You Need to Convince the Funders
Posted on March 1, 2006
Stephen Moore (bio) and Peter Mangione (bio) state that you need strong rationale when proposing a new measure to a funding agency.
Mangione: Whenever you propose something to a funder that involves the use of a measure that's going to be created as part of the funding, I think you're at a disadvantage. Funders want to go with the tried and true generally. That's their attitude. Unless you're in that fortunate circumstance where you find a funder who wants to create something new.
But usually, most funders are conservative. They want something that has some proven track record with it, and they want to see research build on existing research. Unless you can use that theory and conceptual basis as your basis for building on existing research, I don't think you can make a very strong argument for the new measure.
If you're going to make an argument to a funder of 'I need this new measure,' you better have a pretty good rationale built up based on existing data and existing theory for the reason why you need this measure and how it would flow from the theory. I think that kind of thoughtful approach will get funders to consider you more seriously if you are going to develop a new measure.

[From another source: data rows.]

(* Let $S$ be a commutative semiring and $\mathcal G$ an ample groupoid. Define the relation $\equiv$ on $A_S(\mathcal G)$ by $f\equiv g$ iff $f(\alpha)=g(\alpha)$ for all $\alpha\in\mathcal G$ with $s(\alpha),r(\alpha)\in\mathcal T$. Then $\equiv$ is a congruence on $A_S(\mathcal G)$ (and it is moreover compatible with $S$-scalar multiplication).
   Context: A commutative semiring has commutative monoid addition (neutral $0$), commutative associative multiplication with $1$, distributivity and absorbing $0$. An ample groupoid is a topological groupoid whose unit space $\mathcal G^{(0)}$ is locally compact Hausdorff and totally disconnected and whose source and range maps $s,r$ are local homeomorphisms. $\mathcal T=\{u\in\mathcal G^{(0)}:\{\gamma\in\mathcal G: s(\gamma)=r(\gamma)=u\}=\{u\}\}$ is the set of units with trivial isotropy group. The Steinberg algebra $A_S(\mathcal G)$ is the set of functions $\mathcal G\to S$ of the form $\sum_{U\in F}s_U1_U$ with $F$ a finite set of compact open bisections (subsets on which $s,r$ are homeomorphisms onto their images), with pointwise addition and convolution $(f*g)(\gamma)=\sum_{\alpha\beta=\gamma}f(\alpha)g(\beta)$. A congruence on a hemiring $R$ is an equivalence relation $\sim$ such that $r\sim s$ implies $t+r\sim t+s$, $tr\sim ts$, $rt\sim st$ for all $t\in R$. *)

theory Defs
  imports "HOL-Analysis.Analysis"
begin

text \<open>Units are identified with identity arrows, so the unit space is s ` G.\<close>
definition groupoid ::
  "'g set \<Rightarrow> ('g \<Rightarrow> 'g) \<Rightarrow> ('g \<Rightarrow> 'g) \<Rightarrow> ('g \<Rightarrow> 'g \<Rightarrow> 'g) \<Rightarrow> ('g \<Rightarrow> 'g) \<Rightarrow> bool" where
  "groupoid G s r m i \<longleftrightarrow>
     (\<forall>a\<in>G. s a \<in> G \<and> r a \<in> G \<and> i a \<in> G) \<and>
     (\<forall>a\<in>G. s (s a) = s a \<and> r (s a) = s a \<and> s (r a) = r a \<and> r (r a) = r a) \<and>
     (\<forall>a\<in>G. \<forall>b\<in>G. s a = r b \<longrightarrow> m a b \<in> G \<and> s (m a b) = s b \<and> r (m a b) = r a) \<and>
     (\<forall>a\<in>G. \<forall>b\<in>G. \<forall>c\<in>G. s a = r b \<and> s b = r c \<longrightarrow> m (m a b) c = m a (m b c)) \<and>
     (\<forall>a\<in>G. m (r a) a = a \<and> m a (s a) = a) \<and>
     (\<forall>a\<in>G. s (i a) = r a \<and> r (i a) = s a \<and> m a (i a) = r a \<and> m (i a) a = s a)"

definition unit_space :: "'g set \<Rightarrow> ('g \<Rightarrow> 'g) \<Rightarrow> 'g set" where
  "unit_space G s = s ` G"

definition composable_pairs :: "'g set \<Rightarrow> ('g \<Rightarrow> 'g) \<Rightarrow> ('g \<Rightarrow> 'g) \<Rightarrow> ('g \<times> 'g) set" where
  "composable_pairs G s r = {(a, b). a \<in> G \<and> b \<in> G \<and> s a = r b}"
(* Let $n\ge 4$ and $\ell\in\{3,\dots,n-1\}$. For the Grassmannian ${\rm Gr}(3,n)$, there is a sequence of combinatorial mutations taking the polytope $P_{\mathcal{B}_{\ell-1}}$ to $P_{\mathcal{B}_\ell}$.
   Context: For $k=3$: for each $3$-subset $I=\{i_1<i_2<i_3\}$ of $[n]$ a matching field assigns $\sigma=\Lambda(I)\in S_3$; its polytope $P_\Lambda\subset\mathbb{R}^{3\times n}$ is the convex hull of the vectors $\sum_{r=1}^3 e_{\sigma(r),i_r}$ ($e_{i,j}$ the standard basis matrices). For $0\le\ell\le n$, the block diagonal matching field $\mathcal{B}_\ell$ has $\mathcal{B}_\ell(I)=\mathrm{id}$ if $|I\cap\{1,\dots,\ell\}|\ne1$ and $(12)$ otherwise. Combinatorial mutation: with $N\cong\mathbb{Z}^d$, $M$ its dual, $w\in M$ primitive and $F\subset w^\perp\subset N_\mathbb{R}$ a lattice polytope, the tropical map is $\varphi_{w,F}(u)=u-(\min_{f\in F}\langle f,u\rangle)w$; if $P\subset M_\mathbb{R}$ is a lattice polytope containing the origin and $\varphi_{w,F}(P)$ is convex, it is a combinatorial mutation of $P$. A sequence of combinatorial mutations is a finite chain of polytopes in which consecutive polytopes are related, after identification via lattice-preserving affine isomorphisms (unimodular equivalences) of the lattices they span, either by a unimodular equivalence or by a combinatorial mutation. *)

theory Defs
  imports "HOL-Analysis.Analysis" "HOL-Library.Function_Algebras" "HOL-Combinatorics.Transposition"
begin

text \<open>Vectors are functions nat => real; a vector of R^d is one vanishing outside {..<d}.
  We equip nat => real with its pointwise real vector space structure.\<close>

instantiation "fun" :: (type, real_vector) real_vector
begin
definition scaleR_fun :: "real \<Rightarrow> ('a \<Rightarrow> 'b) \<Rightarrow> 'a \<Rightarrow> 'b" where
  "scaleR_fun c f = (\<lambda>x. c *\<^sub>R f x)"
instance
  by intro_classes (auto simp: scaleR_fun_def fun_eq_iff scaleR_add_right scaleR_add_left)
end

type_synonym rvec = "nat \<Rightarrow> real"

definition in_space :: "nat \<Rightarrow> rvec \<Rightarrow> bool" where
  "in_space d x \<longleftrightarrow> (\<forall>i\<ge>d. x i = 0)"

definition latt :: "nat \<Rightarrow> rvec set" where
  "latt d = {x. in_space d x \<and> (\<forall>i. x i \<in> \<int>)}"

definition lattice_polytope :: "nat \<Rightarrow> rvec set \<Rightarrow> bool" where
  "lattice_polytope d P \<longleftrightarrow> (\<exists>V. finite V \<and> V \<noteq> {} \<and> V \<subseteq> latt d \<and> P = convex hull V)"

definition pair :: "nat \<Rightarrow> rvec \<Rightarrow> rvec \<Rightarrow> real" where
  "pair d f u = (\<Sum>i<d. f i * u i)"

definition primitive :: "nat \<Rightarrow> rvec \<Rightarrow> bool" where
  "primitive d w \<longleftrightarrow> w \<in> latt d \<and>
     (\<forall>(k::nat) v. v \<in> latt d \<and> w = real k *\<^sub>R v \<longrightarrow> k = 1)"
lemma kernel_degree_variance_le:
  assumes le: "\<And>x. kernel_degree x \<le> c" and B: "B \<in> sets M" and eq: "\<And>x. x \<in> B \<Longrightarrow> kernel_degree x = c"
  shows "kernel_degree_variance \<le> c^2 * prob (space M - B)"
proof -
  have "kernel_degree_variance \<le> (\<integral>x. (kernel_degree x - c)^2 \<partial>M)"
    by (rule kernel_degree_variance_le_integral_square_diff)
  also have "\<dots> \<le> (\<integral>x. c^2 * indicator (space M - B) x \<partial>M)"
  proof (intro integral_mono integrable_kernel_degree_square_diff)
    show "integrable M (\<lambda>x. c^2 * indicator (space M - B) x)"
      using B by (intro integrable_real_mult_indicator) auto
  next
    fix x assume "x \<in> space M"
    show "(kernel_degree x - c)^2 \<le> c^2 * indicator (space M - B) x"
    proof (cases "x \<in> B")
      case False
      have "(kernel_degree x - c)^2 = (c - kernel_degree x)^2" by (rule power2_commute)
      also have "\<dots> \<le> c^2" using kernel_degree_nonneg[of x] le[of x] by (intro power_mono) auto
      finally show ?thesis using False \<open>x \<in> space M\<close> by simp
    qed (simp add: eq)
  qed
  also have "\<dots> = c^2 * prob (space M - B)"
    using B by simp
  finally show ?thesis .
qed

end

section \<open>The random geometric graph on the square\<close>

definition cball_indicator :: "real \<Rightarrow> 'a::metric_space \<Rightarrow> 'a \<Rightarrow> real" where
  "cball_indicator r x y = indicator (cball x r) y"

lemma num_edges_eq_pair_sum: "num_edges n r X = pair_sum (cball_indicator r) n X"
proof -
  have "pair_sum (cball_indicator r) n X = real (card {e \<in> index_pairs n. dist (X (fst e)) (X (snd e)) \<le> r})"
    unfolding pair_sum_def case_prod_beta cball_indicator_def
    by (simp add: sum.If_cases Int_def finite_index_pairs indicator_def dist_commute)
  also have "{e \<in> index_pairs n. dist (X (fst e)) (X (snd e)) \<le> r} = {(u, v). u < v \<and> v < n \<and> dist (X u) (X v) \<le> r}"
    by (auto simp: index_pairs_def)
  finally show ?thesis by (simp add: num_edges_def)
qed

lemma pred_mem_cball[measurable]:
  "Measurable.pred (borel \<Otimes>\<^sub>M borel) (\<lambda>z::'a::{metric_space, second_countable_topology} \<times> 'a. snd z \<in> cball (fst z) r)"
proof -
  have "{z :: 'a \<times> 'a. dist (fst z) (snd z) \<le> r} \<in> sets (borel \<Otimes>\<^sub>M borel)"
    unfolding borel_prod by (intro borel_closed closed_Collect_le continuous_intros)
  then show ?thesis by (simp add: pred_def)
qed

lemma measurable_cball_indicator:
  "case_prod (cball_indicator r) \<in> borel_measurable (borel \<Otimes>\<^sub>M borel :: ('a::{metric_space, second_countable_topology} \<times> 'a) measure)"
  unfolding cball_indicator_def case_prod_beta indicator_def by measurable

lemma sets_square[measurable]: "square n \<in> sets borel"
  unfolding square_def by (auto intro!: borel_closed closed_Times)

Moore: Very often in behavioral research there are measures of interest, theoretical measures of interest, that are not well measured by existing instruments, so when you're competing for the grant you can always propose to use the standard instruments, but if you're experienced with this sort of collaborative logic of assessment that we're describing and can say to the funder in your proposal that there are a couple of areas here about which you have research questions that are not well-measured by traditional devices. We propose that in addition to using the standard methodology, we will, as an adjunct, create this measure to specifically focus on this research question. Then that is a distinct advantage, at least potentially, in getting funded for that grant.
Excerpted from interview with researchers in April 2005.